Just so you know the dog might view the pee pads now and later think it's ok to go on rugs/towels and other things like that because they can't tell the difference.


----------



## ireth0 (Feb 11, 2013)

Also keep in mind that most adult dogs can hold it through a typical workday (not sure how long you are gone for work). It might be a better short-term solution to have someone come to let him out during the day while he's young, and then just have him wait until you get home once he has a capability to hold it that long.


----------



## Gogoclips (Apr 27, 2013)

Bring a soiled pee-pad outside and hopefully the puppy can start to see outside as a place for potty too. When you're home, after feeding, put the pup in a crate, or make your expen smaller so the puppy can't walk around. After 30 mins or as soon as the puppy wakes up, take him outside. At that point he's probably going to have to go, but if he doesn't, take him back to the crate for 10 mins, then take him outside again. Actually, how old is your puppy? He might not need to start from ground zero.


----------



## Maisie (May 13, 2013)

We have a 14 month old Westie and it took us almost a year to get her to potty outside!  We tried to puppy pads and she just wasn't interested in it. She would play with them and eat them instead. Haha... we found the best way was to punish her (we used a spray bottle of water or put her in her time-out kennel) when she would potty inside. Whenever she would potty outside we would give her at treat. It took her awhile like I said to catch on, but now she just holds it while my husband and I are gone (she's held it up to 10 hours) and will wait to go until we take her outside.


----------



## doxiemommy (Dec 18, 2009)

Gogoclips said:


> Bring a soiled pee-pad outside and hopefully the puppy can start to see outside as a place for potty too. When you're home, after feeding, put the pup in a crate, or make your expen smaller so the puppy can't walk around. After 30 mins or as soon as the puppy wakes up, take him outside. At that point he's probably going to have to go, but if he doesn't, take him back to the crate for 10 mins, then take him outside again. Actually, how old is your puppy? He might not need to start from ground zero.

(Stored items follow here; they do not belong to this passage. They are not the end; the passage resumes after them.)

lemma image_tclass:
  assumes "\<And>h. h \<in> carrier G \<Longrightarrow> f (tconj G h s) = tconj G h (f s)"
  shows "f ` tclass G s = tclass G (f s)"
  unfolding tclass_def image_image using assms by simp

lemma (in group) tconj_tconj:
  assumes "h \<in> carrier G" "k \<in> carrier G" "s \<in> carrier4 G"
  shows "tconj G k (tconj G h s) = tconj G (k \<otimes> h) s"
  using assms by (cases s) (simp add: group_word_simps)

lemma (in group) carrier_mult_right: "h \<in> carrier G \<Longrightarrow> (\<lambda>k. k \<otimes> h) ` carrier G = carrier G"
proof (intro equalityI subsetI)
  fix k assume "h \<in> carrier G" "k \<in> carrier G"
  then have "k = (k \<otimes> inv h) \<otimes> h" "k \<otimes> inv h \<in> carrier G"
    by (simp_all add: m_assoc)
  then show "k \<in> (\<lambda>k. k \<otimes> h) ` carrier G" by blast
qed auto

lemma (in group) tclass_tconj:
  assumes "h \<in> carrier G" "s \<in> carrier4 G"
  shows "tclass G (tconj G h s) = tclass G s"
proof -
  have "tclass G (tconj G h s) = (\<lambda>k. tconj G (k \<otimes> h) s) ` carrier G"
    unfolding tclass_def using assms by (intro image_cong) (simp_all add: tconj_tconj)
  also have "\<dots> = (\<lambda>k. tconj G k s) ` ((\<lambda>k. k \<otimes> h) ` carrier G)"
    by (simp only: image_image)
  finally show ?thesis
    using assms(1) by (simp add: carrier_mult_right tclass_def)
qed

lemma rho_in_Bij:
  assumes "finite S" and "\<And>Y. Y \<in> S \<Longrightarrow> f ` Y \<in> S" and "inj_on f (\<Union>S)"
  shows "rho S f \<in> Bij S"
proof -
  have inj: "inj_on (image f) S"
    using inj_on_image_eq_iff[OF assms(3) Union_upper Union_upper] by (auto simp: inj_on_def)
  then have "image f ` S = S"
    using assms(1,2) by (intro endo_inj_surj) auto
  with inj show ?thesis
    by (simp add: Bij_def rho_def bij_betw_def)
qed

lemma BijGroup_mult: "x \<in> Bij S \<Longrightarrow> y \<in> Bij S \<Longrightarrow> x \<otimes>\<^bsub>BijGroup S\<^esub> y = compose S x y"
  by (simp add: BijGroup_def)

lemma BijGroup_one: "\<one>\<^bsub>BijGroup S\<^esub> = (\<lambda>x\<in>S. x)"
  by (simp add: BijGroup_def)

lemma BijGroup_carrier: "carrier (BijGroup S) = Bij S"
  by (simp add: BijGroup_def)

locale class_vector = group G for G :: "('a, 'b) monoid_scheme" (structure) +
  fixes C1 C2 C3 C4 :: "'a set"
  assumes finite_carrier: "finite (carrier G)"
    and conj_closed: "conj_closed G C1" "conj_closed G C2" "conj_closed G C3" "conj_closed G C4"
begin

abbreviation N :: "'a tuple4 set" where "N \<equiv> Ni G C1 C2 C3 C4"
abbreviation S :: "'a tuple4 set set" where "S \<equiv> Sigma_i G C1 C2 C3 C4"

lemmas Ni_closed_pb = pb_Ni[OF _ conj_closed]

lemma tclass_in_S: "s \<in> N \<Longrightarrow> tclass G s \<in> S"
  by (simp add: Sigma_i_def)

lemma finite_S: "finite S"
proof -
  have "finite N"
    using finite_carrier Ni_subset_carrier4 by (metis finite_SigmaI finite_subset)
  then show ?thesis
    by (simp add: Sigma_i_def)
qed

lemma Union_S_subset_carrier4: "\<Union>S \<subseteq> carrier4 G"
  using Ni_subset_carrier4 by (fastforce simp: Sigma_i_def tclass_def)

lemma rho_tclass:
  assumes "\<And>h. h \<in> carrier G \<Longrightarrow> f (tconj G h s) = tconj G h (f s)" and "s \<in> N"
  shows "rho S f (tclass G s) = tclass G (f s)"
  using assms by (simp add: rho_def tclass_in_S image_tclass)

lemma rho_in_Bij_if_equivariant:
  assumes "\<And>h s. h \<in> carrier G \<Longrightarrow> s \<in> carrier4 G \<Longrightarrow> f (tconj G h s) = tconj G h (f s)"
    and "\<And>s. s \<in> N \<Longrightarrow> f s \<in> N" and "inj_on f (carrier4 G)"
  shows "rho S f \<in> Bij S"
proof (rule rho_in_Bij[OF finite_S])
  fix Y assume "Y \<in> S"
  then obtain s where s: "s \<in> N" and Y: "Y = tclass G s"
    by (auto simp: Sigma_i_def)
  have "f ` Y = tclass G (f s)"
    unfolding Y using assms(1) subsetD[OF Ni_subset_carrier4 s] by (intro image_tclass)
  then show "f ` Y \<in> S"
    using assms(2) s by (simp add: tclass_in_S)
qed (use assms(3) Union_S_subset_carrier4 inj_on_subset in blast)

lemma rho_pb_tclass:
  assumes "s \<in> N"
  shows "rho S (pb12 G) (tclass G s) = tclass G (pb12 G s)"
    "rho S (pb13 G) (tclass G s) = tclass G (pb13 G s)"
    "rho S (pb14 G) (tclass G s) = tclass G (pb14 G s)"
    "rho S (pb23 G) (tclass G s) = tclass G (pb23 G s)"
    "rho S (pb24 G) (tclass G s) = tclass G (pb24 G s)"
    "rho S (pb34 G) (tclass G s) = tclass G (pb34 G s)"
  using assms subsetD[OF Ni_subset_carrier4 assms] by (simp_all add: rho_tclass pb_tconj)

lemma rho_pb_Bij:
  "rho S (pb12 G) \<in> Bij S" "rho S (pb13 G) \<in> Bij S" "rho S (pb14 G) \<in> Bij S"
  "rho S (pb23 G) \<in> Bij S" "rho S (pb24 G) \<in> Bij S" "rho S (pb34 G) \<in> Bij S"
  by (simp_all add: rho_in_Bij_if_equivariant pb_tconj Ni_closed_pb inj_on_pb)

lemma eq_on_tclassI:
  assumes "f \<in> extensional S" "g \<in> extensional S"
    and "\<And>s. s \<in> N \<Longrightarrow> f (tclass G s) = g (tclass G s)"
  shows "f = g"
  using assms by (auto intro: extensionalityI simp: Sigma_i_def)

lemma pb_carrier4:
  assumes "s \<in> N"
  shows "pb12 G s \<in> carrier4 G" "pb13 G s \<in> carrier4 G" "pb14 G s \<in> carrier4 G"
    "pb23 G s \<in> carrier4 G" "pb24 G s \<in> carrier4 G" "pb34 G s \<in> carrier4 G"
  using Ni_closed_pb[OF assms] Ni_subset_carrier4 by blast+

lemma rho_pb34: "rho S (pb34 G) = rho S (pb12 G)"
proof (rule eq_on_tclassI)
  fix s assume s: "s \<in> N"
  then obtain a b c where "a \<in> carrier G" "b \<in> carrier G" "c \<in> carrier G"
    and "s = (a, b, c, inv (a \<otimes> b \<otimes> c))" by (rule Ni_eq_product_inv)
  then show "rho S (pb34 G) (tclass G s) = rho S (pb12 G) (tclass G s)"
    using s pb_carrier4[OF s] by (simp add: rho_pb_tclass pb34_conj_pb12 tclass_tconj)
qed (simp_all add: rho_def)

lemma rho_pb23: "rho S (pb23 G) = rho S (pb14 G)"
proof (rule eq_on_tclassI)
  fix s assume s: "s \<in> N"
  then obtain a b c where "a \<in> carrier G" "b \<in> carrier G" "c \<in> carrier G"
    and "s = (a, b, c, inv (a \<otimes> b \<otimes> c))" by (rule Ni_eq_product_inv)
  then show "rho S (pb23 G) (tclass G s) = rho S (pb14 G) (tclass G s)"
    using s pb_carrier4[OF s] by (simp add: rho_pb_tclass pb23_conj_pb14 tclass_tconj)
qed (simp_all add: rho_def)

lemma rho_pb24:
  "rho S (pb12 G) \<otimes>\<^bsub>BijGroup S\<^esub> rho S (pb24 G) = rho S (pb13 G) \<otimes>\<^bsub>BijGroup S\<^esub> rho S (pb12 G)"
  unfolding BijGroup_mult[OF rho_pb_Bij(1,5)] BijGroup_mult[OF rho_pb_Bij(2,1)]
proof (rule eq_on_tclassI)
  fix s assume s: "s \<in> N"
  then obtain a b c where "a \<in> carrier G" "b \<in> carrier G" "c \<in> carrier G"
    and "s = (a, b, c, inv (a \<otimes> b \<otimes> c))" by (rule Ni_eq_product_inv)
  then show "compose S (rho S (pb12 G)) (rho S (pb24 G)) (tclass G s)
    = compose S (rho S (pb13 G)) (rho S (pb12 G)) (tclass G s)"
    using s Ni_closed_pb[OF s] pb_carrier4[OF Ni_closed_pb(1)[OF s]]
    by (simp add: compose_eq tclass_in_S rho_pb_tclass pb12_pb24_conj_pb13_pb12 tclass_tconj)
qed (simp_all add: compose_extensional)

lemma rho_pb14_pb13_pb12:
  "rho S (pb14 G) \<otimes>\<^bsub>BijGroup S\<^esub> (rho S (pb13 G) \<otimes>\<^bsub>BijGroup S\<^esub> rho S (pb12 G)) = \<one>\<^bsub>BijGroup S\<^esub>"
  unfolding BijGroup_mult[OF rho_pb_Bij(2,1)] BijGroup_mult[OF rho_pb_Bij(3) compose_Bij[OF rho_pb_Bij(2,1)]]
    BijGroup_one
proof (rule eq_on_tclassI)
  fix s assume s: "s \<in> N"
  then obtain a b c where "a \<in> carrier G" "b \<in> carrier G" "c \<in> carrier G"
    and "s = (a, b, c, inv (a \<otimes> b \<otimes> c))" by (rule Ni_eq_product_inv)
  then show "compose S (rho S (pb14 G)) (compose S (rho S (pb13 G)) (rho S (pb12 G))) (tclass G s)
    = (\<lambda>x\<in>S. x) (tclass G s)"
    using s Ni_closed_pb[OF s] Ni_closed_pb[OF Ni_closed_pb(1)[OF s]] subsetD[OF Ni_subset_carrier4 s]
    by (simp add: compose_eq tclass_in_S rho_pb_tclass pb14_pb13_pb12_conj tclass_tconj del: tconj.simps)
qed (simp_all add: compose_extensional)

theorem rho4_image_iso_Klein:
  assumes "group.ord (BijGroup S) (rho S (pb12 G)) = 2"
    and "group.ord (BijGroup S) (rho S (pb13 G)) = 2"
    and "group.ord (BijGroup S) (rho S (pb14 G)) = 2"
  shows "rho4_image G C1 C2 C3 C4 \<cong> integer_mod_group 2 \<times>\<times> integer_mod_group 2"
proof -
  interpret Sym: group "BijGroup S" by (rule group_BijGroup)
  define r12 r13 r14 where "r12 = rho S (pb12 G)" and "r13 = rho S (pb13 G)" and "r14 = rho S (pb14 G)"
  have carrier: "r12 \<in> carrier (BijGroup S)" "r13 \<in> carrier (BijGroup S)" "r14 \<in> carrier (BijGroup S)"
    "rho S (pb24 G) \<in> carrier (BijGroup S)"
    by (simp_all add: r12_def r13_def r14_def BijGroup_carrier rho_pb_Bij)
  note involution = Sym.ord_eq_2D[OF carrier(1) assms(1)[folded r12_def]]
    Sym.ord_eq_2D[OF carrier(2) assms(2)[folded r13_def]]
    Sym.ord_eq_2D[OF carrier(3) assms(3)[folded r14_def]]
  have r14: "r14 = r12 \<otimes>\<^bsub>BijGroup S\<^esub> r13"
    and comm: "r12 \<otimes>\<^bsub>BijGroup S\<^esub> r13 = r13 \<otimes>\<^bsub>BijGroup S\<^esub> r12"
    using Sym.involutions_with_product_one[OF carrier(1-3) involution(1,3,5)]
      rho_pb14_pb13_pb12 by (simp_all add: r12_def r13_def r14_def)
  have "r12 \<otimes>\<^bsub>BijGroup S\<^esub> rho S (pb24 G) = r12 \<otimes>\<^bsub>BijGroup S\<^esub> r13"
    using rho_pb24 comm by (simp add: r12_def r13_def)
  then have r24: "rho S (pb24 G) = r13"
    using carrier by simp
  have "rho4_gens G C1 C2 C3 C4 = {r12, r13, r12 \<otimes>\<^bsub>BijGroup S\<^esub> r13}"
    using rho_pb34 rho_pb23 r24 r14 by (auto simp: rho4_gens_def Let_def r12_def r13_def r14_def)
  then show ?thesis
    unfolding rho4_image_def Let_def
    using Sym.generate_commuting_involutions_iso[OF carrier(1,2) involution(1,3) comm]
      involution(2,4,6) r14 by simp
qed

end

If I understood correctly, the puppy is "catching on" to going potty outside, just not to using the pads inside. So, it's not an issue of needing to see outside as a place for potty, too.


----------



## doxiemommy (Dec 18, 2009)

Maisie said:


> We have a 14 month old Westie and it took us almost a year to get her to potty outside!  We tried to puppy pads and she just wasn't interested in it. She would play with them and eat them instead. Haha... we found the best way was to punish her (we used a spray bottle of water or put her in her time-out kennel) when she would potty inside. Whenever she would potty outside we would give her at treat. It took her awhile like I said to catch on, but now she just holds it while my husband and I are gone (she's held it up to 10 hours) and will wait to go until we take her outside.

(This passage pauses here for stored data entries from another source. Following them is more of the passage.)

theorem mainTheorem1:
  fixes N1 N2 N3 Sp Sm :: "real \<Rightarrow> real"
  assumes sol: "wh_solution N1 N2 N3 Sp Sm"
    and cons: "\<forall>t. wh_constraint (N1 t) (N2 t) (N3 t) (Sp t) (Sm t)"
    and sign: "\<forall>t. N1 t < 0 \<and> N2 t > 0 \<and> N3 t > 0"
  shows "(N1 \<longlongrightarrow> 0) at_top \<and>
    filterlim N2 at_top at_top \<and>
    filterlim N3 at_top at_top \<and>
    (Sp \<longlongrightarrow> 1/2) at_top \<and>
    (Sm \<longlongrightarrow> 0) at_top \<and>
    ((\<lambda>t. N1 t * (N2 t + N3 t)) \<longlongrightarrow> -1/2) at_top \<and>
    ((\<lambda>t. N2 t - N3 t) \<longlongrightarrow> 0) at_top"
proof -
  interpret bianchi_VIII N1 N2 N3 Sp Sm
    by unfold_locales (use sol cons sign in auto)
  have "((\<lambda>t. N1 t * (N2 t + N3 t)) \<longlongrightarrow> -1/2) at_top"
    using tendsto_minus[OF Nw_tendsto_half] by (simp add: Nw_def Nsum_def)
  then show ?thesis
    using N1_tendsto_0 N2_tendsto_at_top N3_tendsto_at_top Sp_tendsto_half Sm_tendsto_0
      N2_minus_N3_tendsto_0 by simp
qed

end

Punishing for going potty inside is an outdated method. No one here really recommends this. Puppies don't necessarily make the same connections to punishments as we expect. So, lots of times people expect that the dog will understand they got punished for peeing and pooping inside, so that means it's "bad" and they shouldn't do it anymore. BUT, because dogs think differently than humans, sometimes the connection they actually make is, peeing and pooping is scary because they get punished, so they better hide it better and not pee or poop in front of people because they don't want to be punished.

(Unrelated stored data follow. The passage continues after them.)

text \<open>
  The coset \<open>x + S\<^sub>a\<^sub>b\<close> is the line of all vertices that differ from \<open>x\<close> only in
  the coordinates \<open>a\<close> and \<open>b\<close>; it is a clique with \<open>n\<close> vertices. Call a vertex \<open>y\<close> good if
  \<open>\<psi>\<close> maps the \<open>{a,b}\<close>-line through \<open>y\<close> onto the \<open>{p,q}\<close>-line through \<open>\<psi> y\<close>.
  A vertex adjacent to three points of a line lies on that line, so by counting, a line is mapped
  onto a line as soon as three of its points are. Goodness propagates along the moves
  \<open>y \<mapsto> y + s(e\<^sub>c - e\<^sub>a)\<close> with \<open>c \<notin> {a,b}\<close>: tracking in which coordinates the
  images of neighbours of \<open>y\<close> leave the \<open>{p,q}\<close>-line through \<open>\<psi> y\<close> shows that three
  points of the new \<open>{a,b}\<close>-line land on one \<open>{p,q}\<close>-line. Such moves connect all vertices, so \<open>\<xi>'\<close> is good,
  and then the image of its \<open>{a,b}\<close>-line is both the \<open>{p,q}\<close>- and the \<open>{r,s}\<close>-line
  through \<open>\<psi> \<xi>'\<close>, which forces \<open>{p,q} = {r,s}\<close>.
\<close>

section \<open>Lines and moves\<close>

definition diff_coords :: "nat \<Rightarrow> (nat \<Rightarrow> int) \<Rightarrow> (nat \<Rightarrow> int) \<Rightarrow> nat set" where
  "diff_coords m x y = {i \<in> {1..m}. x i \<noteq> y i}"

THAT can cause a whole other set of problems, because you don't want your puppy to avoid going potty when you take them out, just because they're afraid.

That said, I wouldn't put much effort into teaching a puppy to use pads during the day. Eventually, (I assume) you want the puppy to try to hold it while you're at work? If you TRAIN them to use pads NOW, (and I mean train them, like putting effort into teaching them to use them) then you are giving the ok to pee inside. Later, when the pup is older and can hold it, they may STILL pee inside, because you trained them it was ok.

I would simply put newspaper or pads down in the pen, that way, when the puppy pees/poops, it's cleanable. Don't bother to actually train/teach her to use it, unless you want it to be a forever thing.


----------



## BernerMax (Mar 15, 2013)

We used one pee pad with a spot of urine on it, with a couple other clean ones-- and our dog has no problem using it for the 6 months we had to do the pee pad/ outside dual potty thing....

And whoever said it-was right(sort of)-- a year later when he was "trapped " inside the house and he really really had to go-- he went on a little 2x2 square rug near the door-- but its not something he normally does-- he does not just walk around the house peeing on things we have on the floor, its like he couldnt get outside so he looked for a "pad" of some sort... (He is normally indoor /out door- we leave a back door open for him most times).....


----------



## Gogoclips (Apr 27, 2013)

doxiemommy said:


> If I understood correctly, the puppy is "catching on" to going potty outside, just not to using the pads inside. So, it's not an issue of needing to see outside as a place for potty, too.


Oops! I read that wrongly. /:


----------



## joshy5 (May 13, 2013)

Hey guys, 

I forgot to mention he is a silky cross mini foxi and only 10 weeks old. 

Thanks for all your comments, the main problems I am having is:

- Leaving him in the play pen while at work he chews up the puppy pee pads (destroys everything and ignores all the fun toys we leave for him)
- He is always peeing at night when we have in the create (even taking him out every 2 hours he still makes mistakes)

I'm not sure if when the time comes he is mature and can hold his bladder if he will continue to pee and poop in the play pen or hold it in for when we get home to let him out. 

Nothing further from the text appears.